*** MATERIAL FOR THIS TASK ***

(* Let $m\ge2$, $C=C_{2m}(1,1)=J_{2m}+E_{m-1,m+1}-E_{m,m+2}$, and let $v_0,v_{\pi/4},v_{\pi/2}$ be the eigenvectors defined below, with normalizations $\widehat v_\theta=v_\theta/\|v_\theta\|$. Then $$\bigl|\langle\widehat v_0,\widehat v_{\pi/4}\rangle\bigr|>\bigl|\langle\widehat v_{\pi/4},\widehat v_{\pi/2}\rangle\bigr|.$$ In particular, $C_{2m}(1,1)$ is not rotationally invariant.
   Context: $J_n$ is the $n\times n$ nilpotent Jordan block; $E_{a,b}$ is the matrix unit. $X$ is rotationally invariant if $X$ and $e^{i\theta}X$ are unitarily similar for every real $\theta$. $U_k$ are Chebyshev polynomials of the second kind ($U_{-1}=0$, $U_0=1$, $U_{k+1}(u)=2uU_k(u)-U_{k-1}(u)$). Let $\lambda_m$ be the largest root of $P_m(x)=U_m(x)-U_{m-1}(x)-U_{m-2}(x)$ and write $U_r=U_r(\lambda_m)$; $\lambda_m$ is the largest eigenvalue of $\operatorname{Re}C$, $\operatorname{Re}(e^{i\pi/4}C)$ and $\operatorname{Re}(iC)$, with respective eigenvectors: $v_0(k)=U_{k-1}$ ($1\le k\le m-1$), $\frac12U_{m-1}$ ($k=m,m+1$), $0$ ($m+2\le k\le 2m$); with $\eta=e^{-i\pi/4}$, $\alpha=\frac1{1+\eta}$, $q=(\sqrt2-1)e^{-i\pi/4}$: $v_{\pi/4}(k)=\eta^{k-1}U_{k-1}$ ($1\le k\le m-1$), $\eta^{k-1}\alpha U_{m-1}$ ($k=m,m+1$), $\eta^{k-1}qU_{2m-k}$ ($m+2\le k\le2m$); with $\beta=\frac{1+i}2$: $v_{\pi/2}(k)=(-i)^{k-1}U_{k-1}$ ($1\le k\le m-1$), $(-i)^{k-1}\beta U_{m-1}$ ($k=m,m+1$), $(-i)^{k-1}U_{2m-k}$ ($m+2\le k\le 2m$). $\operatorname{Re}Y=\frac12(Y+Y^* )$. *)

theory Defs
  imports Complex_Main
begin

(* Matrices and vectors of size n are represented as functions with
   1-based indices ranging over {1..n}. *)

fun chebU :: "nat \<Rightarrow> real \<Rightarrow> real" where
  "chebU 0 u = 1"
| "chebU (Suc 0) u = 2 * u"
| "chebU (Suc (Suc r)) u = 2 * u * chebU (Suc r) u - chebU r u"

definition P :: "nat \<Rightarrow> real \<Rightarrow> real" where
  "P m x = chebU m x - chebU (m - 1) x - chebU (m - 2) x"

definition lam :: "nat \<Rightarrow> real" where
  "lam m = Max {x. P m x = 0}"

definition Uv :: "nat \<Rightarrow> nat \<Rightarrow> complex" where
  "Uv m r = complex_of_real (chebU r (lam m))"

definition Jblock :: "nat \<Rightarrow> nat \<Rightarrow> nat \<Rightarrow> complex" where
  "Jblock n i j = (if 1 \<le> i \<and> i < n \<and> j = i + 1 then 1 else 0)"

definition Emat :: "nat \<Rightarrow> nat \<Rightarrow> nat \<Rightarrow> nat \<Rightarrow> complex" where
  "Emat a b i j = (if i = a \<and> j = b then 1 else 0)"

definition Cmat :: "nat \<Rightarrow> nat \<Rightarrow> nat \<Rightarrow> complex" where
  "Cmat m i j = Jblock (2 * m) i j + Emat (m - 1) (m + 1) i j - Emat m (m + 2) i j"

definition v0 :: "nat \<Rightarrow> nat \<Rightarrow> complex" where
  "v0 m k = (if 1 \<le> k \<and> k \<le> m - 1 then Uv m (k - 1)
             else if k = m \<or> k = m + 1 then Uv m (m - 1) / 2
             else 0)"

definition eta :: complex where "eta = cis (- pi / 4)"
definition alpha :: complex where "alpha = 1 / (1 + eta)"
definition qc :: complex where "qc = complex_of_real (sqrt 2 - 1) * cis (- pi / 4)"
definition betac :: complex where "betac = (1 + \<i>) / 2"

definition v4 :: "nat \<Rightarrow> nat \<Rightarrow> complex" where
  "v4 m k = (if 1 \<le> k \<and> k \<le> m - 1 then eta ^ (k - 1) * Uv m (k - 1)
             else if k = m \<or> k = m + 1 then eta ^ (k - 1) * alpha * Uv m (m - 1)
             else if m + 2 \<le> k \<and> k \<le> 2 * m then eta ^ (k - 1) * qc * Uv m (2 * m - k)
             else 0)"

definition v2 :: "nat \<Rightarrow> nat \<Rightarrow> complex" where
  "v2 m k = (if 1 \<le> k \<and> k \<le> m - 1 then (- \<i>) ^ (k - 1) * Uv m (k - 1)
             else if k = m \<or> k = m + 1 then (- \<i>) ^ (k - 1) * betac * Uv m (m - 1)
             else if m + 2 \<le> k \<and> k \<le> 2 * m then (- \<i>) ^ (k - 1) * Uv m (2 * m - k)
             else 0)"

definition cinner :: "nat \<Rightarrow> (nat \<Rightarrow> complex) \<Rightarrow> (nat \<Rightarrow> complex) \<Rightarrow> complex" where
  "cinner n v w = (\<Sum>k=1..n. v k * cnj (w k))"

*** End of MATERIAL FOR THIS TASK ***
*** MATERIAL FOR THIS TASK ***

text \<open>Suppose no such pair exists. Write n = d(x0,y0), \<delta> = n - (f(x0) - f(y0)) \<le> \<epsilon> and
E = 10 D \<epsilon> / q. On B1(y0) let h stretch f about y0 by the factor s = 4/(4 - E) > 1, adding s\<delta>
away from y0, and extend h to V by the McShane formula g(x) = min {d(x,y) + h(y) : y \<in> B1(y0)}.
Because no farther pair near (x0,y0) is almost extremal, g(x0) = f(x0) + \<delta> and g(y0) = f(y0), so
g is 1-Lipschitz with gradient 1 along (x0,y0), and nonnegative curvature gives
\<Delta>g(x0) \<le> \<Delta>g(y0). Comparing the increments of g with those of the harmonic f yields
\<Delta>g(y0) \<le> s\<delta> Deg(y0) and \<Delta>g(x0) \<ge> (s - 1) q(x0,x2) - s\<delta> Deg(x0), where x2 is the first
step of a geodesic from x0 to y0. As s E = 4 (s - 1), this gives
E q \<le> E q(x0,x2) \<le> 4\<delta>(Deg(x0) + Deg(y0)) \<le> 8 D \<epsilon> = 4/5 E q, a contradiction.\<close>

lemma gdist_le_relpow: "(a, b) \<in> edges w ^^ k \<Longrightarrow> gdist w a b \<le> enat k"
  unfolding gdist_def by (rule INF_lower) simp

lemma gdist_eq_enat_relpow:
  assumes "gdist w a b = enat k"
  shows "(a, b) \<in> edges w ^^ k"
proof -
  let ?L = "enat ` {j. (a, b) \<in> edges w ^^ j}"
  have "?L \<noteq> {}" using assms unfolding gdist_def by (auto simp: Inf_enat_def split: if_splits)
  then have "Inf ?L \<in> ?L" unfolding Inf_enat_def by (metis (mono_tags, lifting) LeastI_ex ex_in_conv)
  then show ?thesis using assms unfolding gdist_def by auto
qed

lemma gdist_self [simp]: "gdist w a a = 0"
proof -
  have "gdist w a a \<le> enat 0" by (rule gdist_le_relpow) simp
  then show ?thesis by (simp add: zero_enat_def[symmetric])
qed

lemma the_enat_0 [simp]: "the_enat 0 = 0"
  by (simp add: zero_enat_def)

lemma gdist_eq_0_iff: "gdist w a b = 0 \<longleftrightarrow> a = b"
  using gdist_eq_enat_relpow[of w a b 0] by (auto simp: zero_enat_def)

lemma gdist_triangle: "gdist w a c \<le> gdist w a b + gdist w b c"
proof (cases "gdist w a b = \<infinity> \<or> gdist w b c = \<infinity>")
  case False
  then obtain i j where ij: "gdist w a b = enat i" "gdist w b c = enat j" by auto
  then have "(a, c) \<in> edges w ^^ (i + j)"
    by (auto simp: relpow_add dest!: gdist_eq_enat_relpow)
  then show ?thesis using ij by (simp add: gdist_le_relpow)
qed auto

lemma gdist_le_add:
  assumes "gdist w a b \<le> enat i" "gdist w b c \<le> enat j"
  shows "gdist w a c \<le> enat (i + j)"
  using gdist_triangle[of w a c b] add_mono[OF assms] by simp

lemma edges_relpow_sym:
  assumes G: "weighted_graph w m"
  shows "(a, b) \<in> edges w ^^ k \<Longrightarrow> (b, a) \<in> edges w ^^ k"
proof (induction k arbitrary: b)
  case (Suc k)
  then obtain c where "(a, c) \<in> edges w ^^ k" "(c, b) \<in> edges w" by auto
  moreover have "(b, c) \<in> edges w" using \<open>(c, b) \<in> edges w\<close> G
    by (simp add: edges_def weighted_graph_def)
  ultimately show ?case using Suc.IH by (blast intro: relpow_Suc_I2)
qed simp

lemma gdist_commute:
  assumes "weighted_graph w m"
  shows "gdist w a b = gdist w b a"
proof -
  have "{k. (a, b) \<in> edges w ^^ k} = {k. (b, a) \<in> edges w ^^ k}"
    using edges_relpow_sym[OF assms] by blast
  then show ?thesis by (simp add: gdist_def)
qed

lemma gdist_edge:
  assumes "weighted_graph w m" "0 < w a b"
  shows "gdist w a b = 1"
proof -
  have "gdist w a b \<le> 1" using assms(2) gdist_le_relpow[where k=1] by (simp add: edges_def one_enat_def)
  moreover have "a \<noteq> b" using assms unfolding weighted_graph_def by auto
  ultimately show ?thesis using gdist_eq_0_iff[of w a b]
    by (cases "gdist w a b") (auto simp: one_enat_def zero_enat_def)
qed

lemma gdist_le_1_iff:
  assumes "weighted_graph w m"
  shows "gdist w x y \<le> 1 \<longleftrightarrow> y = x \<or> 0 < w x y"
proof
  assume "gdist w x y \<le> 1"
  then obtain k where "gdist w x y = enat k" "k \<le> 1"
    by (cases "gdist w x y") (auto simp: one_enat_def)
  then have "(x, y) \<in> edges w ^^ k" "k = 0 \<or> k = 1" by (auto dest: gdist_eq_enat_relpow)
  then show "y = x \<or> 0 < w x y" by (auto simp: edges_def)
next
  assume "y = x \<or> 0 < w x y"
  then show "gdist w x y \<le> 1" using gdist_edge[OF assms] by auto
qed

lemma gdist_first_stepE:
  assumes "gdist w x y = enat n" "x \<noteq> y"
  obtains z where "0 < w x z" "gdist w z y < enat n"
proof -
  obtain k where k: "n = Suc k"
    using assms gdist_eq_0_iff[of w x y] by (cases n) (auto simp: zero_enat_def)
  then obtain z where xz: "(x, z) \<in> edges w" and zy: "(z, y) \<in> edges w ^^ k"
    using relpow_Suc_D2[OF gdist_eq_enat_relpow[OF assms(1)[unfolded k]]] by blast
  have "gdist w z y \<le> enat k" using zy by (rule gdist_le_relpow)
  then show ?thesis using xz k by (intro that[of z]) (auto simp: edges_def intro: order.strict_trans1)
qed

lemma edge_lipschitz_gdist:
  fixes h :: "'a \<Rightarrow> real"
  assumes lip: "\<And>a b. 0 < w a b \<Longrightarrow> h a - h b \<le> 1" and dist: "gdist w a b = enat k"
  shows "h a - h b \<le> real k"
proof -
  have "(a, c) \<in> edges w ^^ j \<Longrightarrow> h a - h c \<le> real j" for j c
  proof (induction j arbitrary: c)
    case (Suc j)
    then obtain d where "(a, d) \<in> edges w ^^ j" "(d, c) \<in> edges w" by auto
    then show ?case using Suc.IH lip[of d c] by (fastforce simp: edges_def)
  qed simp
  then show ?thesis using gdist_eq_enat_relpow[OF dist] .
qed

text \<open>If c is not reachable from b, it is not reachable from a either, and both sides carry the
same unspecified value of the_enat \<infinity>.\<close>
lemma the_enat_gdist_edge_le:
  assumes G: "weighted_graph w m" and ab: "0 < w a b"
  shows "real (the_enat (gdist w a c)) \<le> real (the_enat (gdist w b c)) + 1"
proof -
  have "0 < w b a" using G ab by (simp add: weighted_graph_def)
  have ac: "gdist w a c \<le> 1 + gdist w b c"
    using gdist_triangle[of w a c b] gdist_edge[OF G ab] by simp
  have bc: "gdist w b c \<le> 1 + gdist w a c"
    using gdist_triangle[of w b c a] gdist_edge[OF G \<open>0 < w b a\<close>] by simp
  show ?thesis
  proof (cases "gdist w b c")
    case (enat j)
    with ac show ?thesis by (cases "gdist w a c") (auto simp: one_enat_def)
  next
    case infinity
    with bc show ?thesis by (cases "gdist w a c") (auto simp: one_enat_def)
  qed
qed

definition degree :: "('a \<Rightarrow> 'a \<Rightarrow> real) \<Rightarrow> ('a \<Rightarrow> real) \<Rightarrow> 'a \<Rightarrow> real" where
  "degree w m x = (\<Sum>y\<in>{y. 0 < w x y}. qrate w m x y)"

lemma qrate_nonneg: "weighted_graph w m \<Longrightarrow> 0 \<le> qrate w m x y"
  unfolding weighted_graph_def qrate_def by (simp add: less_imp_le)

*** End of MATERIAL FOR THIS TASK ***

#### [ASSIGNED TASK]
Copy each line of the listing that contains "cinner".

#### [SOLUTION BELOW]
definition cinner :: "nat \<Rightarrow> (nat \<Rightarrow> complex) \<Rightarrow> (nat \<Rightarrow> complex) \<Rightarrow> complex" where
  "cinner n v w = (\<Sum>k=1..n. v k * cnj (w k))"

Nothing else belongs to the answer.